By Lisa Scott | Western Heritage Event Center
The 73rd annual Red Ryder Roundup Rodeo committee and the board of the Western Heritage Event Center honored Jess Ketchum with the 2023 Red Ryder Award for his great love for rodeos, his outstanding contribution to the western culture of this community, for his service and his friendship.
The board of the Western Heritage Event Center acknowledges individuals who have upheld ideals that align with the board’s mission statement to provide a venue for education and training for youth and equestrian events, and preserve the history and traditions of the American West.
Ketchum was introduced to horses when his family moved to Pagosa Springs when he was 8. He did ranch work to make money and buy his own horse, Libby, when he was 10. Moving cattle, packing during hunting seasons, fence and irrigation work, on all the well-known family ranches in Archuleta County, is how Ketchum made his own money to continue to buy his own horses, feed and tack.

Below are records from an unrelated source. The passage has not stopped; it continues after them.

lemma continuous_on_sigma [continuous_intros]:
  "continuous_on S g \<Longrightarrow> continuous_on S (\<lambda>x. \<sigma> (g x))"
proof -
  obtain \<sigma>' where "\<And>x. (\<sigma> has_real_derivative \<sigma>' x) (at x)"
    using smooth_concave unfolding Sigma2_def by blast
  then have "continuous_on UNIV \<sigma>"
    by (blast intro: continuous_at_imp_continuous_on DERIV_isCont)
  then show "continuous_on S g \<Longrightarrow> continuous_on S (\<lambda>x. \<sigma> (g x))"
    using continuous_on_compose2 by blast
qed

text \<open>A concave function on \<open>[0, \<infinity>)\<close> that is constant on some \<open>[s, t]\<close> can never
  increase after \<open>t\<close>; since \<open>\<sigma>\<close> tends to 1, it is strictly increasing on \<open>[0, \<infinity>)\<close> until
  it reaches 1.\<close>
lemma sigma_strict_mono_nonneg:
  assumes "0 \<le> s" "s < t" "\<sigma> s < 1"
  shows "\<sigma> s < \<sigma> t"
proof (rule ccontr)
  assume "\<not> \<sigma> s < \<sigma> t"
  with sigma_mono[of s t] assms have flat: "\<sigma> t = \<sigma> s" by linarith
  have concave: "concave_on {0..} \<sigma>" using smooth_concave unfolding Sigma2_def by blast
  have "\<sigma> y \<le> \<sigma> s" if y: "y > t" for y
  proof -
    define l where "l = (t - s) / (y - s)"
    have l: "0 < l" "l < 1" using assms y by (auto simp: l_def field_simps)
    have "l * (y - s) = t - s" using assms y by (simp add: l_def)
    then have "(1 - l) * s + l * y = t" by (simp add: algebra_simps)
    then have "(1 - l) * \<sigma> s + l * \<sigma> y \<le> \<sigma> t"
      using concave_onD[OF concave, of l s y] l assms y by auto
    with flat l show ?thesis by (simp add: algebra_simps)
  qed
  then have "1 \<le> \<sigma> s"
    by (intro tendsto_upperbound[OF sigma_at_top]) (auto intro: eventually_at_top_linorderI[of "t + 1"])
  with assms show False by simp
qed

lemma sigma_strict_mono_below_1:
  assumes "\<sigma> 1 < 1" "t < s" "0 < s" "t < 1"
  shows "\<sigma> t < \<sigma> s"
proof (cases "t < 0")
  case True
  have "\<sigma> t < \<sigma> 0"
    using sigma_strict_mono_nonneg[of 0 "- t"] True by (simp add: sigma_0 sigma_minus)
  then show ?thesis using sigma_mono[of 0 s] assms by simp
next
  case False
  then show ?thesis
    using sigma_strict_mono_nonneg[of t s] sigma_mono[of t 1] assms by simp
qed

lemma phi_sigma_nonneg: "0 \<le> phi_sigma \<sigma> x"
  unfolding phi_sigma_def using sigma_mono[of "x - 1" "x + 1"] by simp

lemma continuous_on_phi_sigma [continuous_intros]:
  "continuous_on S g \<Longrightarrow> continuous_on S (\<lambda>x. phi_sigma \<sigma> (g x))"
  unfolding phi_sigma_def by (intro continuous_intros) auto

lemma sum_phi_sigma:
  assumes "p \<le> q + 1"
  shows "2 * (\<Sum>k\<in>{p..q}. phi_sigma \<sigma> (u - real_of_int k))
           = \<sigma> (u - p + 1) + \<sigma> (u - p) - \<sigma> (u - q) - \<sigma> (u - q - 1)"
proof -
  have "2 * (\<Sum>k\<in>{p..q}. phi_sigma \<sigma> (u - real_of_int k))
      = (\<Sum>k\<in>{p..q}. \<sigma> (u - real_of_int (k - 1)) - \<sigma> (u - real_of_int (k + 1)))"
    unfolding sum_distrib_left phi_sigma_def by (intro sum.cong) (auto simp: field_simps)
  also have "\<dots> = \<sigma> (u - p + 1) + \<sigma> (u - p) - \<sigma> (u - q) - \<sigma> (u - q - 1)"
    using sum_int_central_telescope[OF assms, of "\<lambda>k. \<sigma> (u - real_of_int k)"]
    by (simp add: algebra_simps)
  finally show ?thesis .
qed
lemma hyp2F1_eq_negbin_tail:
  fixes w :: real
  assumes "\<bar>w\<bar> < 1"
  shows "real k2 * hyp2F1 1 (real (k1 + k2)) (real k1 + 1) w
           = fact k1 * fact k2 / fact (k1 + k2) * real (k1 + k2) * negbin_tail w k1 k2"
proof (cases k2)
  case (Suc j)
  have "hyp2F1 1 (real (k1 + k2)) (real k1 + 1) w = fact k1 * fact j / fact (k1 + j) * negbin_tail w k1 k2"
    unfolding hyp2F1_def negbin_tail_def Suc nat.case hyp2F1_coeff
    using assms by (intro suminf_mult summable_negbin_tail)
  moreover have "real (Suc j) * (fact k1 * fact j / fact (k1 + j))
                   = fact k1 * fact (Suc j) / fact (k1 + Suc j) * real (k1 + Suc j)"
    by (simp add: field_simps del: of_nat_Suc)
  ultimately show ?thesis
    using Suc by simp
qed (simp add: negbin_tail_zero_right)

lemma hyp3F2_eq_negbin_tails:
  fixes u :: real
  assumes "0 < u" "u < 1/2" "k1 + k2 \<ge> 1"
  shows "hyp3F2 1 (real (k1 + k2) / 2 + 1) ((real (k1 + k2) + 1) / 2) (real k1 + 1) (real k2 + 1)
           (4 * u * (1 - u))
         = fact k1 * fact k2 / fact (k1 + k2) * (negbin_tail u k1 k2 + negbin_tail u k2 k1) / (1 - 2 * u)"
proof -
  have bound: "\<bar>4 * u * (1 - u)\<bar> < 1"
    using abs_mult_one_minus_less_quarter[of u] assms by (simp add: abs_mult)
  have "1 - 2 * u \<noteq> 0"
    using assms by simp
  then have diag: "diag_binomial_series (u * (1 - u)) k1 k2
                     = (negbin_tail u k1 k2 + negbin_tail u k2 k1) / (1 - 2 * u)"
    by (metis diag_binomial_series_eq_negbin_tails[OF assms] nonzero_mult_div_cancel_left)
  show ?thesis
    using hyp3F2_eq_diag_binomial_series[OF bound, of k1 k2] by (simp add: diag)
qed

lemma power_two_div_powi_eq:
  fixes u q :: real
  assumes "0 < u" "0 < q"
  shows "2 ^ (k1 + k2) / (4 * u * q) ^ k2 * (2 * q) powi (int k2 - int k1) = 1 / (u ^ k2 * q ^ k1)"
proof -
  have "(2 * q) powi (int k2 - int k1) = 2 ^ k2 * q ^ k2 / (2 ^ k1 * q ^ k1)"
    using assms by (simp add: power_int_diff power_mult_distrib)
  moreover have "(4 * u * q) ^ k2 = 2 ^ k2 * 2 ^ k2 * u ^ k2 * q ^ k2"
    by (simp add: power_mult_distrib flip: power_mult_distrib[of 2 2])
  ultimately show ?thesis
    using assms by (simp add: power_add field_simps)
qed

lemma hyp3F2_eq_hyp2F1_sum:
  fixes u :: real
  assumes "0 < u" "u < 1/2" "k1 + k2 \<ge> 1"
  shows "hyp3F2 1 (real (k1 + k2) / 2 + 1) ((real (k1 + k2) + 1) / 2) (real k1 + 1) (real k2 + 1)
           (4 * u * (1 - u))
         = 1 / (real (k1 + k2) * (1 - 2 * u))
             * (real k2 * hyp2F1 1 (real (k1 + k2)) (real k1 + 1) u
                + real k1 * hyp2F1 1 (real (k1 + k2)) (real k2 + 1) u)"
proof -
  have "\<bar>u\<bar> < 1"
    using assms by simp
  note F = hyp2F1_eq_negbin_tail[OF this, of k2 k1]
    hyp2F1_eq_negbin_tail[OF this, of k1 k2, unfolded add.commute[of k2] mult.commute[of "fact k2 :: real"]]
  have sum: "real k2 * hyp2F1 1 (real (k1 + k2)) (real k1 + 1) u
               + real k1 * hyp2F1 1 (real (k1 + k2)) (real k2 + 1) u
             = fact k1 * fact k2 / fact (k1 + k2) * real (k1 + k2)
                 * (negbin_tail u k1 k2 + negbin_tail u k2 k1)"
    by (simp only: F distrib_left)
  have "real (k1 + k2) \<noteq> 0"
    using assms by simp
  then show ?thesis
    unfolding hyp3F2_eq_negbin_tails[OF assms] sum by (simp add: ac_simps)
qed

lemma hyp3F2_eq_hyp2F1_diff:
  fixes u :: real
  assumes "0 < u" "u < 1/2" "k1 + k2 \<ge> 1"
  shows "hyp3F2 1 (real (k1 + k2) / 2 + 1) ((real (k1 + k2) + 1) / 2) (real k1 + 1) (real k2 + 1)
           (4 * u * (1 - u))
         = fact k1 * fact k2 / fact (k1 + k2) * (2 ^ (k1 + k2) / (4 * u * (1 - u)) ^ k2)
             * ((2 * (1 - u)) powi (int k2 - int k1) / (1 - 2 * u))
           + real k2 / (real (k1 + k2) * (1 - 2 * u))
             * (hyp2F1 1 (real (k1 + k2)) (real k1 + 1) u
                - hyp2F1 1 (real (k1 + k2)) (real k1 + 1) (1 - u))"
proof -
  have w: "\<bar>u\<bar> < 1" "\<bar>1 - u\<bar> < 1"
    using assms by simp_all
  have "real k2 * (hyp2F1 1 (real (k1 + k2)) (real k1 + 1) u
                   - hyp2F1 1 (real (k1 + k2)) (real k1 + 1) (1 - u))
        = fact k1 * fact k2 / fact (k1 + k2) * real (k1 + k2)
            * (negbin_tail u k1 k2 - negbin_tail (1 - u) k1 k2)"
    by (simp only: right_diff_distrib hyp2F1_eq_negbin_tail[OF w(1)] hyp2F1_eq_negbin_tail[OF w(2)])
  moreover have "real (k1 + k2) \<noteq> 0"
    using assms by simp
  ultimately have diff: "real k2 / (real (k1 + k2) * (1 - 2 * u))
                           * (hyp2F1 1 (real (k1 + k2)) (real k1 + 1) u
                              - hyp2F1 1 (real (k1 + k2)) (real k1 + 1) (1 - u))
                         = fact k1 * fact k2 / fact (k1 + k2)
                             * (negbin_tail u k1 k2 - negbin_tail (1 - u) k1 k2) / (1 - 2 * u)"
    by (metis (no_types, lifting) nonzero_mult_div_cancel_left times_divide_eq_left
        times_divide_eq_right mult.commute divide_divide_eq_left)
  have P: "2 ^ (k1 + k2) / (4 * u * (1 - u)) ^ k2 * (2 * (1 - u)) powi (int k2 - int k1)
             = negbin_tail u k2 k1 + negbin_tail (1 - u) k1 k2"
    by (subst power_two_div_powi_eq) (use assms in \<open>simp_all add: negbin_tail_reflect\<close>)
  have regroup: "fact k1 * fact k2 / fact (k1 + k2) * (2 ^ (k1 + k2) / (4 * u * (1 - u)) ^ k2)
                   * ((2 * (1 - u)) powi (int k2 - int k1) / (1 - 2 * u))
                 = fact k1 * fact k2 / fact (k1 + k2)
                   * (2 ^ (k1 + k2) / (4 * u * (1 - u)) ^ k2 * (2 * (1 - u)) powi (int k2 - int k1))
                   / (1 - 2 * u)"
    by simp
  show ?thesis
    unfolding hyp3F2_eq_negbin_tails[OF assms] diff regroup P
    by (simp only: add_divide_distrib[symmetric] distrib_left[symmetric]) simp
qed

theorem theorem2:
  fixes k1 k2 :: nat and x :: real
  assumes "k1 + k2 \<ge> 1" and "0 < x" and "x < 1"
  shows "hyp3F2 1 (real (k1 + k2) / 2 + 1) ((real (k1 + k2) + 1) / 2) (real k1 + 1) (real k2 + 1) x
          = fact k1 * fact k2 / fact (k1 + k2) * (2 ^ (k1 + k2) / x ^ k2)
              * ((1 + sqrt (1 - x)) powi (int k2 - int k1) / sqrt (1 - x))
            + real k2 / (real (k1 + k2) * sqrt (1 - x))
              * (hyp2F1 1 (real (k1 + k2)) (real k1 + 1) (1/2 - 1/2 * sqrt (1 - x))
                 - hyp2F1 1 (real (k1 + k2)) (real k1 + 1) (1/2 + 1/2 * sqrt (1 - x)))
       \<and> hyp3F2 1 (real (k1 + k2) / 2 + 1) ((real (k1 + k2) + 1) / 2) (real k1 + 1) (real k2 + 1) x
          = 1 / (real (k1 + k2) * sqrt (1 - x))
              * (real k2 * hyp2F1 1 (real (k1 + k2)) (real k1 + 1) (1/2 - 1/2 * sqrt (1 - x))
                 + real k1 * hyp2F1 1 (real (k1 + k2)) (real k2 + 1) (1/2 - 1/2 * sqrt (1 - x)))"
proof -
  define u where "u = 1/2 - 1/2 * sqrt (1 - x)"
  have u: "0 < u" "u < 1/2"
    using assms by (auto simp: u_def real_sqrt_lt_1_iff)
  have sqrt_eq: "1/2 + 1/2 * sqrt (1 - x) = 1 - u" "1 + sqrt (1 - x) = 2 * (1 - u)"
      "sqrt (1 - x) = 1 - 2 * u"
    by (simp_all add: u_def)
  have "4 * u * (1 - u) = 1 - sqrt (1 - x) * sqrt (1 - x)"
    by (simp add: u_def algebra_simps)
  then have x_eq: "x = 4 * u * (1 - u)"
    using assms by simp
  \<comment> \<open>Staged, so that sqrt (1 - x) and x are replaced only after the terms containing them.\<close>
  show ?thesis
    unfolding u_def[symmetric] sqrt_eq(1,2) unfolding sqrt_eq(3) unfolding x_eq
    using hyp3F2_eq_hyp2F1_diff[OF u assms(1)] hyp3F2_eq_hyp2F1_sum[OF u assms(1)] ..
qed

end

It also enabled him to buy a 1984 GMC standard shift three-quarter-ton pickup truck when he was 16.
Then, he began driving to team roping competitions on weekends, with friends in tow, and practiced and competed in the hometown Western Heritage Arena.
A graduate of Fort Lewis College, he continued with ranch and cattle work, moved into electrician and construction work, and now owns and operates a residential and commercial appraisal business — and he still runs cattle today. He is married to Casey and they have three outstanding children, Kylie, Duke and Jeb.
Ketchum served on the Western Heritage Event Center Board of Directors from 2009-2019 and served in many officer positions, including president. His hands-on approach to the work that needed to be done in the arena and grounds set an example for all to follow. He organized and managed the Red Ryder Rodeos and many other rodeo events that were instrumental to the success the organization has experienced. The initial processes of developing the Hughes Pavilion was led by Ketchum and he continued as the lead for two years after his departure from the board.
Western heritage is important to Ketchum because “we need to preserve the traditions of the past and keep them alive. It is an important part of agriculture and our American history.”